_THE TASK_
Go through the records and show each line where the word "proof" occurs.

_INFORMATION_
╔══

(* Let $k,l,m,n\in\mathbb{N}_0$, let $I\subset\mathbb{R}$ be an interval, and suppose that $F$ is $k$-compatible with $\Pi_n$ of degree $l$ on $I$. Let \[ \mathcal{F}_{m,n}=\{p(x)+F(x)q(x):\ p\in\Pi_m,\ q\in\Pi_n\}, \] considered as functions on $I$. If $k>m$, then every nonzero $f\in\mathcal{F}_{m,n}$ has at most $k+l$ distinct zeros in $I$. If, in addition, $l<n-(k-m)+2$, then every nonzero $f\in\mathcal{F}_{m,n}$ has fewer than $m+n+2$ distinct zeros in $I$.
   Context: $\Pi_n$ denotes the space of real polynomials of degree at most $n$. For $k,n,l\in\mathbb{N}_0$ and an interval $I$, a function $F:I\to\mathbb{R}$ is called $k$-compatible with $\Pi_n$ of degree $l$ on $I$ if: (1) $F\in C^{k+1}(I)$; (2) there is a function $\tilde F:I\to\mathbb{R}$ (depending on $k$ and $n$ but not on $q$) which is monotone on $I$ and satisfies $\tilde F(x)\ne0$ for all $x\in I$, such that for every nonzero $q\in\Pi_n$ there is a function $\tilde q:I\to\mathbb{R}$ with $\frac{d^k}{dx^k}(Fq)=\tilde F\,\tilde q$ on $I$ and $\tilde q$ has at most $l$ distinct zeros in $I$. *)

theory Defs
  imports "HOL-Analysis.Analysis" "HOL-Computational_Algebra.Polynomial"
begin

definition deriv_chain :: "real set \<Rightarrow> nat \<Rightarrow> (nat \<Rightarrow> real \<Rightarrow> real) \<Rightarrow> bool" where
  "deriv_chain I N D \<longleftrightarrow>
     (\<forall>j<N. \<forall>x\<in>I. (D j has_real_derivative D (Suc j) x) (at x within I))"

definition C_on :: "nat \<Rightarrow> real set \<Rightarrow> (real \<Rightarrow> real) \<Rightarrow> bool" where
  "C_on r I g \<longleftrightarrow>
     (\<exists>D. (\<forall>x\<in>I. D 0 x = g x) \<and> deriv_chain I r D \<and> continuous_on I (D r))"

definition has_kth_deriv_on :: "real set \<Rightarrow> nat \<Rightarrow> (real \<Rightarrow> real) \<Rightarrow> (real \<Rightarrow> real) \<Rightarrow> bool" where
  "has_kth_deriv_on I k g h \<longleftrightarrow>
     (\<exists>D. (\<forall>x\<in>I. D 0 x = g x) \<and> deriv_chain I k D \<and> (\<forall>x\<in>I. D k x = h x))"

definition compatible :: "nat \<Rightarrow> nat \<Rightarrow> nat \<Rightarrow> real set \<Rightarrow> (real \<Rightarrow> real) \<Rightarrow> bool" where
  "compatible k n l I F \<longleftrightarrow>
     C_on (Suc k) I F \<and>
     (\<exists>Ft. (monotone_on I (\<le>) (\<le>) Ft \<or> monotone_on I (\<le>) (\<ge>) Ft) \<and>
           (\<forall>x\<in>I. Ft x \<noteq> 0) \<and>
           (\<forall>q :: real poly. q \<noteq> 0 \<and> degree q \<le> n \<longrightarrow>
              (\<exists>qt. has_kth_deriv_on I k (\<lambda>x. F x * poly q x) (\<lambda>x. Ft x * qt x) \<and>
                    finite {x\<in>I. qt x = 0} \<and> card {x\<in>I. qt x = 0} \<le> l)))"

definition Fam :: "nat \<Rightarrow> nat \<Rightarrow> (real \<Rightarrow> real) \<Rightarrow> (real \<Rightarrow> real) set" where
  "Fam m n F = {(\<lambda>x. poly p x + F x * poly q x) | p q :: real poly. degree p \<le> m \<and> degree q \<le> n}"

end

theory Submission
  imports Defs
begin

text \<open>Write \<open>f = p + F q\<close> with \<open>degree p \<le> m\<close>. If \<open>q = 0\<close>, then \<open>f\<close> is a nonzero
  polynomial with at most \<open>m < k\<close> roots. Otherwise \<open>k > m\<close> differentiations annihilate \<open>p\<close>,
  so the \<open>k\<close>-th derivative of \<open>f\<close> is \<open>Ft qt\<close>, which has at most \<open>l\<close> zeros in \<open>I\<close> because
  \<open>Ft\<close> never vanishes. By Rolle's theorem each differentiation loses at most one zero, so
  \<open>f\<close> has at most \<open>k + l\<close> zeros; the extra hypothesis says exactly \<open>k + l < m + n + 2\<close>.\<close>

lemma Rolle_within_interval:
  fixes g g' :: "real \<Rightarrow> real"
  assumes I: "is_interval I"
    and deriv: "\<And>x. x \<in> I \<Longrightarrow> (g has_real_derivative g' x) (at x within I)"
    and "a \<in> I" "b \<in> I" "a < b" "g a = 0" "g b = 0"
  shows "\<exists>c\<in>{a<..<b}. g' c = 0"
proof -
  have ab_sub: "{a..b} \<subseteq> I"
    using mem_is_interval_1_I[OF I \<open>a \<in> I\<close> \<open>b \<in> I\<close>] by auto
  have "continuous_on I g"
    using deriv by (rule DERIV_continuous_on)
  then have "continuous_on {a..b} g"
    using ab_sub continuous_on_subset by blast
  moreover have "(g has_derivative (\<lambda>v. g' x * v)) (at x)" if "a < x" "x < b" for x
  proof -
    have "(g has_real_derivative g' x) (at x within {a<..<b})"
      using ab_sub that by (intro DERIV_subset[OF deriv]) auto
    then have "(g has_real_derivative g' x) (at x)"
      using that at_within_open[of x "{a<..<b}"] by simp
    then show ?thesis
      by (simp add: has_field_derivative_def)
  qed
  ultimately obtain c where "a < c" "c < b" "(\<lambda>v. g' c * v) = (\<lambda>v. 0)"
    using Rolle_deriv[OF \<open>a < b\<close>, of g "\<lambda>x v. g' x * v"] \<open>g a = 0\<close> \<open>g b = 0\<close> by auto
  then show ?thesis
    by (metis greaterThanLessThan_iff mult_1_right)
qed

text \<open>The invariant \<open>T \<subseteq> {..<Max S}\<close> keeps the zero of \<open>g'\<close> found beyond \<open>Max S\<close> fresh
  when a new largest zero of \<open>g\<close> is added.\<close>

lemma Rolle_card_zeros_deriv:
  fixes g g' :: "real \<Rightarrow> real"
  assumes I: "is_interval I"
    and deriv: "\<And>x. x \<in> I \<Longrightarrow> (g has_real_derivative g' x) (at x within I)"
    and "finite S" "S \<subseteq> I" "\<forall>x\<in>S. g x = 0"
  shows "\<exists>T. finite T \<and> T \<subseteq> I \<and> card S \<le> card T + 1 \<and> (\<forall>x\<in>T. g' x = 0)"
proof -
  have "S \<noteq> {} \<longrightarrow> (\<exists>T. finite T \<and> T \<subseteq> I \<and> card S \<le> card T + 1 \<and> (\<forall>x\<in>T. g' x = 0)
      \<and> T \<subseteq> {..<Max S})"
    using \<open>finite S\<close> \<open>S \<subseteq> I\<close> \<open>\<forall>x\<in>S. g x = 0\<close>
  proof (induction rule: finite_linorder_max_induct)
    case empty
    then show ?case by simp
  next
    case (insert b A)
    show ?case
    proof (cases "A = {}")
      case True
      then show ?thesis by (intro impI exI[of _ "{}"]) simp
    next
      case False
      then obtain T where T: "finite T" "T \<subseteq> I" "card A \<le> card T + 1" "\<forall>x\<in>T. g' x = 0"
        "T \<subseteq> {..<Max A}"
        using insert by auto
      have "Max A \<in> A" "Max A < b"
        using insert.hyps False by auto
      then have "Max A \<in> I" "g (Max A) = 0"
        using insert.prems by auto
      then obtain c where c: "Max A < c" "c < b" "g' c = 0"
        using Rolle_within_interval[OF I deriv, of "Max A" b] \<open>Max A < b\<close> insert.prems by auto
      have "c \<in> I"
        using mem_is_interval_1_I[OF I \<open>Max A \<in> I\<close>, of b c] c(1,2) insert.prems by auto
      moreover have "c \<notin> T"
        using T(5) c(1) by auto
      moreover have "Max (insert b A) = b"
        using insert.hyps by (simp add: Max_insert2 less_imp_le)
      ultimately show ?thesis
        using T c insert.hyps \<open>Max A < b\<close> by (intro impI exI[of _ "insert c T"]) auto
    qed
  qed
  then show ?thesis
    by (cases "S = {}") (auto intro: exI[of _ "{}"])
qed

lemma Rolle_card_zeros_higher_deriv:
  fixes D :: "nat \<Rightarrow> real \<Rightarrow> real"
  assumes I: "is_interval I"
    and chain: "deriv_chain I k D"
    and "finite S" "S \<subseteq> I" "\<forall>x\<in>S. D 0 x = 0"
  shows "\<exists>T. finite T \<and> T \<subseteq> I \<and> card S \<le> card T + k \<and> (\<forall>x\<in>T. D k x = 0)"
  using chain
proof (induction k)
  case 0
  show ?case
    using assms(3-5) by (intro exI[of _ S]) simp
next
  case (Suc k)
  then have "deriv_chain I k D"
    by (simp add: deriv_chain_def)
  then obtain T where T: "finite T" "T \<subseteq> I" "card S \<le> card T + k" "\<forall>x\<in>T. D k x = 0"
    using Suc.IH by blast
  have "\<And>x. x \<in> I \<Longrightarrow> (D k has_real_derivative D (Suc k) x) (at x within I)"
    using Suc.prems unfolding deriv_chain_def by blast
  from Rolle_card_zeros_deriv[OF I this T(1,2,4)]
  obtain T' where "finite T'" "T' \<subseteq> I" "card T \<le> card T' + 1" "\<forall>x\<in>T'. D (Suc k) x = 0"
    by blast
  then show ?case
    using T(3) by (intro exI[of _ T']) auto
qed

lemma card_zeros_le_of_higher_deriv:
  fixes f h :: "real \<Rightarrow> real"
  assumes I: "is_interval I"
    and "has_kth_deriv_on I k f h"
    and "finite {x\<in>I. h x = 0}" "card {x\<in>I. h x = 0} \<le> L"
  shows "finite {x\<in>I. f x = 0} \<and> card {x\<in>I. f x = 0} \<le> k + L"
proof (rule finite_if_finite_subsets_card_bdd)
  obtain D where D0: "\<forall>x\<in>I. D 0 x = f x" and chain: "deriv_chain I k D"
    and Dk: "\<forall>x\<in>I. D k x = h x"
    using assms(2) unfolding has_kth_deriv_on_def by blast
  fix S assume S: "S \<subseteq> {x\<in>I. f x = 0}" "finite S"
  then have "S \<subseteq> I" "\<forall>x\<in>S. D 0 x = 0"
    using D0 by auto
  then obtain T where T: "finite T" "T \<subseteq> I" "card S \<le> card T + k" "\<forall>x\<in>T. D k x = 0"
    using Rolle_card_zeros_higher_deriv[OF I chain S(2)] by blast
  have "T \<subseteq> {x\<in>I. h x = 0}"
    using T(2,4) Dk by fastforce
  then have "card T \<le> L"
    using le_trans[OF card_mono[OF assms(3)] assms(4)] by blast
  then show "card S \<le> k + L"
    using T(3) by linarith
qed

lemma higher_pderiv_eq_0:
  fixes p :: "'a::{comm_semiring_1,semiring_no_zero_divisors,semiring_char_0} poly"
  assumes "degree p < j"
  shows "(pderiv ^^ j) p = 0"
  by (rule poly_eqI) (use assms in \<open>simp add: coeff_higher_pderiv coeff_eq_0\<close>)

lemma has_kth_deriv_on_add_poly:
  assumes "has_kth_deriv_on I k g h"
  shows "has_kth_deriv_on I k (\<lambda>x. poly p x + g x) (\<lambda>x. poly ((pderiv ^^ k) p) x + h x)"
proof -
  obtain D where D: "\<forall>x\<in>I. D 0 x = g x" "deriv_chain I k D" "\<forall>x\<in>I. D k x = h x"
    using assms unfolding has_kth_deriv_on_def by blast
  have "((\<lambda>x. poly ((pderiv ^^ j) p) x) has_real_derivative
      poly ((pderiv ^^ Suc j) p) x) (at x within I)" for j x
    using has_field_derivative_at_within[OF poly_DERIV] by simp
  with D(2) have "deriv_chain I k (\<lambda>j x. poly ((pderiv ^^ j) p) x + D j x)"
    unfolding deriv_chain_def by (blast intro: DERIV_add)
  with D(1,3) show ?thesis
    unfolding has_kth_deriv_on_def by (intro exI[of _ "\<lambda>j x. poly ((pderiv ^^ j) p) x + D j x"]) simp
qed

lemma card_zeros_Fam_le:
  assumes I: "is_interval I"
    and "compatible k n l I F"
    and "k > m"
    and "f \<in> Fam m n F" "\<exists>x\<in>I. f x \<noteq> 0"
  shows "finite {x\<in>I. f x = 0} \<and> card {x\<in>I. f x = 0} \<le> k + l"
proof -
  obtain p q :: "real poly" where f: "f = (\<lambda>x. poly p x + F x * poly q x)"
    and "degree p \<le> m" "degree q \<le> n"
    using assms(4) unfolding Fam_def by blast
  show ?thesis
  proof (cases "q = 0")
    case True
    then have "p \<noteq> 0" and zeros_sub: "{x\<in>I. f x = 0} \<subseteq> {x. poly p x = 0}"
      using f assms(5) by auto
    then have "card {x\<in>I. f x = 0} \<le> degree p"
      using card_mono[OF poly_roots_finite] card_poly_roots_bound[of p] le_trans by blast
    moreover have "finite {x\<in>I. f x = 0}"
      using finite_subset[OF zeros_sub poly_roots_finite[OF \<open>p \<noteq> 0\<close>]] .
    ultimately show ?thesis
      using \<open>degree p \<le> m\<close> \<open>k > m\<close> by linarith
  next
    case False
    obtain Ft where Ft_nonzero: "\<forall>x\<in>I. Ft x \<noteq> 0"
      and "\<exists>qt. has_kth_deriv_on I k (\<lambda>x. F x * poly q x) (\<lambda>x. Ft x * qt x) \<and>
            finite {x\<in>I. qt x = 0} \<and> card {x\<in>I. qt x = 0} \<le> l"
      using assms(2) False \<open>degree q \<le> n\<close> unfolding compatible_def by blast
    then obtain qt where "has_kth_deriv_on I k (\<lambda>x. F x * poly q x) (\<lambda>x. Ft x * qt x)"
      and qt: "finite {x\<in>I. qt x = 0}" "card {x\<in>I. qt x = 0} \<le> l"
      by blast
    then have "has_kth_deriv_on I k f (\<lambda>x. Ft x * qt x)"
      using has_kth_deriv_on_add_poly[of I k _ _ p] higher_pderiv_eq_0[of p k]
        \<open>degree p \<le> m\<close> \<open>k > m\<close> f by simp
    moreover have "{x\<in>I. Ft x * qt x = 0} = {x\<in>I. qt x = 0}"
      using Ft_nonzero by auto
    ultimately show ?thesis
      using card_zeros_le_of_higher_deriv[OF I] qt by simp
  qed
qed

theorem proposition1:
  fixes k l m n :: nat and I :: "real set" and F :: "real \<Rightarrow> real"
  assumes "is_interval I"
    and "compatible k n l I F"
    and "k > m"
  shows "(\<forall>f\<in>Fam m n F. (\<exists>x\<in>I. f x \<noteq> 0) \<longrightarrow>
            finite {x\<in>I. f x = 0} \<and> card {x\<in>I. f x = 0} \<le> k + l)
       \<and> (int l < int n - (int k - int m) + 2 \<longrightarrow>
            (\<forall>f\<in>Fam m n F. (\<exists>x\<in>I. f x \<noteq> 0) \<longrightarrow>
               finite {x\<in>I. f x = 0} \<and> card {x\<in>I. f x = 0} < m + n + 2))"
proof (rule conjI; intro impI ballI)
  fix f assume "f \<in> Fam m n F" "\<exists>x\<in>I. f x \<noteq> 0"
  then show "finite {x\<in>I. f x = 0} \<and> card {x\<in>I. f x = 0} \<le> k + l"
    using card_zeros_Fam_le[OF assms] by blast
next
  fix f assume "int l < int n - (int k - int m) + 2" "f \<in> Fam m n F" "\<exists>x\<in>I. f x \<noteq> 0"
  moreover from this(2,3) have "finite {x\<in>I. f x = 0} \<and> card {x\<in>I. f x = 0} \<le> k + l"
    using card_zeros_Fam_le[OF assms] by blast
  ultimately show "finite {x\<in>I. f x = 0} \<and> card {x\<in>I. f x = 0} < m + n + 2"
    by linarith
qed

end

╚══

_TASK SOLUTION_
proof -
  proof -
proof -
  proof (induction rule: finite_linorder_max_induct)
    proof (cases "A = {}")
proof (induction k)
proof (rule finite_if_finite_subsets_card_bdd)
proof -
proof -
  proof (cases "q = 0")
proof (rule conjI; intro impI ballI)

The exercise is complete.